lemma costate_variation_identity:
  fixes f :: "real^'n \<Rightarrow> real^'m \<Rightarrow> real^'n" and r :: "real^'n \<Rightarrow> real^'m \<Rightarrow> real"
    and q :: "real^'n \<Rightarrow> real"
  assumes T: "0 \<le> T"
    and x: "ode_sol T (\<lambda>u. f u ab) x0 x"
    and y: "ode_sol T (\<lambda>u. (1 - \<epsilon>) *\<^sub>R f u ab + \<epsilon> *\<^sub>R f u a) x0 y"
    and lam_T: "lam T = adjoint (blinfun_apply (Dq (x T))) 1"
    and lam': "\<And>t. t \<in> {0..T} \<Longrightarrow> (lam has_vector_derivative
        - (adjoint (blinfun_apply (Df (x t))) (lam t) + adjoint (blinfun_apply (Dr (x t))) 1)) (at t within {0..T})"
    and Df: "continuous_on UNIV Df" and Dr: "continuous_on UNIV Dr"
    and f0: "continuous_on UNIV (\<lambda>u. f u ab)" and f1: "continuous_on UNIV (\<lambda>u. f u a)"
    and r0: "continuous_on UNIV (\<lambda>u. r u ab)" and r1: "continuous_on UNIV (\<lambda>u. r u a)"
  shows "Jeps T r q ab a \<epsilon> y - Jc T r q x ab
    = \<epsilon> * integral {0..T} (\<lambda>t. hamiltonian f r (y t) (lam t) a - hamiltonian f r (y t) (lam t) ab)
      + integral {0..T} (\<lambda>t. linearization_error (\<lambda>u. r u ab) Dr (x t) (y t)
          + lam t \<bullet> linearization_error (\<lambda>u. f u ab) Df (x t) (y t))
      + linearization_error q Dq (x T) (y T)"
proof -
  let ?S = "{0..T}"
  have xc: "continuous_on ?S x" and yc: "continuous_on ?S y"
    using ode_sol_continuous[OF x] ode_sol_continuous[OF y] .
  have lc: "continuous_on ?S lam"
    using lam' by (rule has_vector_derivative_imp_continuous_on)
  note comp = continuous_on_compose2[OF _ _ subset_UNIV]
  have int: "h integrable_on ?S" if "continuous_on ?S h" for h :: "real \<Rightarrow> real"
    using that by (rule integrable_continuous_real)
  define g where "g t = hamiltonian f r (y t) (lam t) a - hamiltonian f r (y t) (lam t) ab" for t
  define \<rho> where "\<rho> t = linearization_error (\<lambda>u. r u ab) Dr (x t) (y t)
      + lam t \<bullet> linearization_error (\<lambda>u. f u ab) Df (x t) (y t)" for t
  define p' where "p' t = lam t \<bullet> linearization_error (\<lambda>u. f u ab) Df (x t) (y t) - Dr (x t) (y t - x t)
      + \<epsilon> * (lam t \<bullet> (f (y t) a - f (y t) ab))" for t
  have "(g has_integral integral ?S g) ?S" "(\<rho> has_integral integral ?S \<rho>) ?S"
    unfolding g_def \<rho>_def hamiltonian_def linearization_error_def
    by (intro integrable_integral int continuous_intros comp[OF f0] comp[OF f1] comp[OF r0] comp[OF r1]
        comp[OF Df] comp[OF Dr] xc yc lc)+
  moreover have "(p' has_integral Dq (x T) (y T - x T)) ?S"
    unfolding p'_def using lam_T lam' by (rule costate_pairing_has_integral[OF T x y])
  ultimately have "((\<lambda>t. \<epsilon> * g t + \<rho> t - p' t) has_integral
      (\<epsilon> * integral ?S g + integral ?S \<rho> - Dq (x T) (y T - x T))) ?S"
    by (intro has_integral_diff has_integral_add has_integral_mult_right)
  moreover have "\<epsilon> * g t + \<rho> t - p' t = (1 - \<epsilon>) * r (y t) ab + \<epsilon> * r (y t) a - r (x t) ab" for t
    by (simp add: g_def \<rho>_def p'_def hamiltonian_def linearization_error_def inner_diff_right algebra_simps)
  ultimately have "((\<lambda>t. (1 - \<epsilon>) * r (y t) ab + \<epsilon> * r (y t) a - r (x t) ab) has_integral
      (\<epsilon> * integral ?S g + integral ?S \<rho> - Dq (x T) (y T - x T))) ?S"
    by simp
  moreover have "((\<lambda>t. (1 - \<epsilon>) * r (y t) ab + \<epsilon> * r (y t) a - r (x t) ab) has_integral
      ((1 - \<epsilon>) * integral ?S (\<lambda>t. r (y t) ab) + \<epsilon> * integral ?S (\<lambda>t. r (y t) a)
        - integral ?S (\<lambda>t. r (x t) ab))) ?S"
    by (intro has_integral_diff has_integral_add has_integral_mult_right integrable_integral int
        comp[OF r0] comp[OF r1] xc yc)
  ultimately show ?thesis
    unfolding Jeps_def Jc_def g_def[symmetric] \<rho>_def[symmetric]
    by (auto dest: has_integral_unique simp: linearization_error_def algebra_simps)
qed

··········

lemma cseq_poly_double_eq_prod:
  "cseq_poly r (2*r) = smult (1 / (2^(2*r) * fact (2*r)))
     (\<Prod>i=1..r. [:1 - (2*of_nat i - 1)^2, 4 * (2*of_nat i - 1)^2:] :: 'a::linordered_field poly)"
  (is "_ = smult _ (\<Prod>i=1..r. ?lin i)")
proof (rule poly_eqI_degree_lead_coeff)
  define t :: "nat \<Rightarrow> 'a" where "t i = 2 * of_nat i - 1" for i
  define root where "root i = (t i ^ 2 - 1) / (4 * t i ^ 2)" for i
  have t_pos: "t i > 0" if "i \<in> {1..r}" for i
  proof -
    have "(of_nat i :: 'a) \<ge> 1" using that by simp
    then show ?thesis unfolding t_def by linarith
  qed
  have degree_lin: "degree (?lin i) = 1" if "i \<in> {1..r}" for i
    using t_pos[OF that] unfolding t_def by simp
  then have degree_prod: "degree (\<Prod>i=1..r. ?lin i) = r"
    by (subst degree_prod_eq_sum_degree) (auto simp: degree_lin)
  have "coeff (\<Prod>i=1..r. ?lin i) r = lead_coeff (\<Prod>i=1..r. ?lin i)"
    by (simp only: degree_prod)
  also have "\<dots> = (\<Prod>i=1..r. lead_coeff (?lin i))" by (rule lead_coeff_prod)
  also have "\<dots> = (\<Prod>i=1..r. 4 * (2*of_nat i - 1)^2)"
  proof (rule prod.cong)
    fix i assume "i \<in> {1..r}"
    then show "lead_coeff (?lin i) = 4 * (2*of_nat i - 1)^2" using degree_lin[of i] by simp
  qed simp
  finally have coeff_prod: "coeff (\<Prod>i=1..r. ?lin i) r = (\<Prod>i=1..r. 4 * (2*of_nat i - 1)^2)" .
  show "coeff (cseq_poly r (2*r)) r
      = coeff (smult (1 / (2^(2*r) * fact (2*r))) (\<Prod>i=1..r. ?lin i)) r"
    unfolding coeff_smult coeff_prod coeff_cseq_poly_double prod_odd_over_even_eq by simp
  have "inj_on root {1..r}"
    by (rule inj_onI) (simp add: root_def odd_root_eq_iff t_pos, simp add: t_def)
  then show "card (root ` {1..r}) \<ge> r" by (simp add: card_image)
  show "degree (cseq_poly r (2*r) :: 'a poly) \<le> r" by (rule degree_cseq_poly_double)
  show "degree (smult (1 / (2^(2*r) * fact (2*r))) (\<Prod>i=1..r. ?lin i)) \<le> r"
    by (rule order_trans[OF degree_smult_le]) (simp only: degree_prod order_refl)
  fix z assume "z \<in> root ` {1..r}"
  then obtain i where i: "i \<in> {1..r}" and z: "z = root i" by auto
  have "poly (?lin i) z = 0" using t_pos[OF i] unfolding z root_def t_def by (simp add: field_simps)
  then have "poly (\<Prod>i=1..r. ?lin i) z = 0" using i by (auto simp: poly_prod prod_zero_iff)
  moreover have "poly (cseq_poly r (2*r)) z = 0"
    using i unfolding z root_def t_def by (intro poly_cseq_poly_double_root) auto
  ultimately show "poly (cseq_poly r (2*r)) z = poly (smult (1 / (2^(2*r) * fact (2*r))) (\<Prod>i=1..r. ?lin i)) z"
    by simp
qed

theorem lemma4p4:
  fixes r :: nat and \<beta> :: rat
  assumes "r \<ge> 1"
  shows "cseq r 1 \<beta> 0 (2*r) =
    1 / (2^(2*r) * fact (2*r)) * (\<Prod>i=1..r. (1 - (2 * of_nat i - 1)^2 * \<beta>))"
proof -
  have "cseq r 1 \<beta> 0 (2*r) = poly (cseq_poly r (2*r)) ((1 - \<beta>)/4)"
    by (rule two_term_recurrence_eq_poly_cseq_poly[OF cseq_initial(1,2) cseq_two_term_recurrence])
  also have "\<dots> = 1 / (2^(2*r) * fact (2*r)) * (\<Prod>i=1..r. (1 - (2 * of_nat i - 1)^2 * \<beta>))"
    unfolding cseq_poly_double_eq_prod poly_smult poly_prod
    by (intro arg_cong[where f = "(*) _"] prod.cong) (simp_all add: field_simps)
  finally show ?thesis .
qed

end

··········

Look through the material and find each line that includes "shows", then copy it.

■ **EXERCISE RESPONSE**
  shows "Jeps T r q ab a \<epsilon> y - Jc T r q x ab
  shows "cseq r 1 \<beta> 0 (2*r) =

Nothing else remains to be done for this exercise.